При внутрибрюшном введении перфторана, начиная с первых часов, происходило его всасывание в микрогемо- и лимфоциркуляторное сосудистое русло через стоматы брюшины. Попадая в брюшную полость, перфторан вызывал усиление миграции макрофагов, которые захватывая частицы эмульсии, становились более активными. Эта гипотеза нами была проверена и подтверждена в эксперименте при изучении фагоцитарной активности макрофагов в отношении частиц китайской туши (в разведении 1:500), введённой в брюшную полость в 2-х отдельных сериях: в одной, смешивая с перфтораном, в другой – с физиологическим раствором (контроль). Выяснилось, что активность макрофагов (ФИ) в серии с перфтораном была в 2-2,5 раза выше, чем в контроле.

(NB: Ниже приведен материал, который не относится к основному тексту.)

(* Let $p\ge 1$, let $\mathbf{S}$ be a real symmetric positive semidefinite $p\times p$ matrix, let $\mathbf{T}$ be a real symmetric positive definite $p\times p$ matrix, and let $\lambda_a\in(0,\infty)$. Consider the penalized log-likelihood $$\mathcal{L}^{p}(\mathbf{\Omega}) = \ln|\mathbf{\Omega}| - \mathrm{tr}(\mathbf{S}\mathbf{\Omega}) - \frac{\lambda_a}{2}\,\mathrm{tr}\big[(\mathbf{\Omega}-\mathbf{T})^{\mathrm{T}}(\mathbf{\Omega}-\mathbf{T})\big]$$ over real symmetric positive definite $p\times p$ matrices $\mathbf{\Omega}$. Then $\mathcal{L}^p$ is maximized by $$\hat{\mathbf{\Omega}}^{\mathrm{I}a}(\lambda_a) = \Big\{\Big[\lambda_a\mathbf{I}_p + \tfrac14(\mathbf{S}-\lambda_a\mathbf{T})^2\Big]^{1/2} + \tfrac12(\mathbf{S}-\lambda_a\mathbf{T})\Big\}^{-1},$$ which is the solution of the stationarity equation $\mathbf{\Omega}^{-1} - (\mathbf{S}-\lambda_a\mathbf{T}) - \lambda_a\mathbf{\Omega} = \mathbf{0}$.
   Context: $|\cdot|$ denotes the determinant, $\mathbf{I}_p$ the $p\times p$ identity matrix. For a real symmetric positive definite matrix $\mathbf{H}$, $\mathbf{H}^{1/2}$ denotes its unique symmetric positive definite square root. *)

theory Defs
  imports "HOL-Analysis.Analysis"
begin

definition sym_mat :: "real^'n^'n \<Rightarrow> bool" where
  "sym_mat A \<longleftrightarrow> transpose A = A"

definition psd_mat :: "real^'n^'n \<Rightarrow> bool" where
  "psd_mat A \<longleftrightarrow> sym_mat A \<and> (\<forall>x. x \<bullet> (A *v x) \<ge> 0)"

definition pd_mat :: "real^'n^'n \<Rightarrow> bool" where
  "pd_mat A \<longleftrightarrow> sym_mat A \<and> (\<forall>x. x \<noteq> 0 \<longrightarrow> x \<bullet> (A *v x) > 0)"

definition mat_sqrt :: "real^'n^'n \<Rightarrow> real^'n^'n" where
  "mat_sqrt H = (THE R. pd_mat R \<and> R ** R = H)"

definition pen_loglik :: "real^'n^'n \<Rightarrow> real^'n^'n \<Rightarrow> real \<Rightarrow> real^'n^'n \<Rightarrow> real" where
  "pen_loglik S T lam \<Omega> =
     ln (det \<Omega>) - trace (S ** \<Omega>)
     - (lam / 2) * trace (transpose (\<Omega> - T) ** (\<Omega> - T))"

definition ridge_est :: "real^'n^'n \<Rightarrow> real^'n^'n \<Rightarrow> real \<Rightarrow> real^'n^'n" where
  "ridge_est S T lam =
     matrix_inv (mat_sqrt (mat lam + (1/4) *\<^sub>R ((S - lam *\<^sub>R T) ** (S - lam *\<^sub>R T)))
                 + (1/2) *\<^sub>R (S - lam *\<^sub>R T))"

end

theory Submission
  imports Defs
begin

Таким образом, эксперименты показали, что озонированный перфторан оказывает более выраженное стимулирующее влияние на факторы неспецифической резистентности, чем озонированный физиологический раствор и перфторан без озона. Кроме того, озонированный перфторан, в отличие от озонированного физиологического раствора, способствует усилению миграции и функциональной активности перитонеальных мононуклеарных фагоцитов, которые являются активными фагоцитирующими клетками и «санитарами» в очагах воспаления, очищающими здоровую ткань от детрита. Выявленные качества озонированного перфторана позволили нам предложить его не только как стимулятор неспецифического иммунитета, но и в лечении гнойных перитонитов.
Результаты экспериментальных исследований у животных опытной группы (с экспериментальным перитонитом)
При оценке результатов экспериментальных исследований в опытной группе одним из показателей эффективности методики служила выживаемость животных. Показатели 1-й серии достоверно отличались в позитивную сторону от результатов остальных трёх серий: по ходу экспериментов в 1-й серии пало 4 (5,2%) крысы. Несколько выше была летальность во 2-й и 3-й сериях, где с 1-й по 14-е сутки погибло соответственно 19 (25,33%) и 17 (22,67%) животных (р=0,002 и р=0,005 по сравнению с 1-й серией). Всего из эксперимента выбыли 82 крысы, причем 42 (56,0%) из них - в 4-й серии (табл.2).
Макроскопическая картина органов брюшной полости после введения озонированного перфторана на фоне каловой взвеси (1-я серия) на всех этапах исследования была существенно лучше, чем во всех остальных 3-х сериях (рис. 1 и 2).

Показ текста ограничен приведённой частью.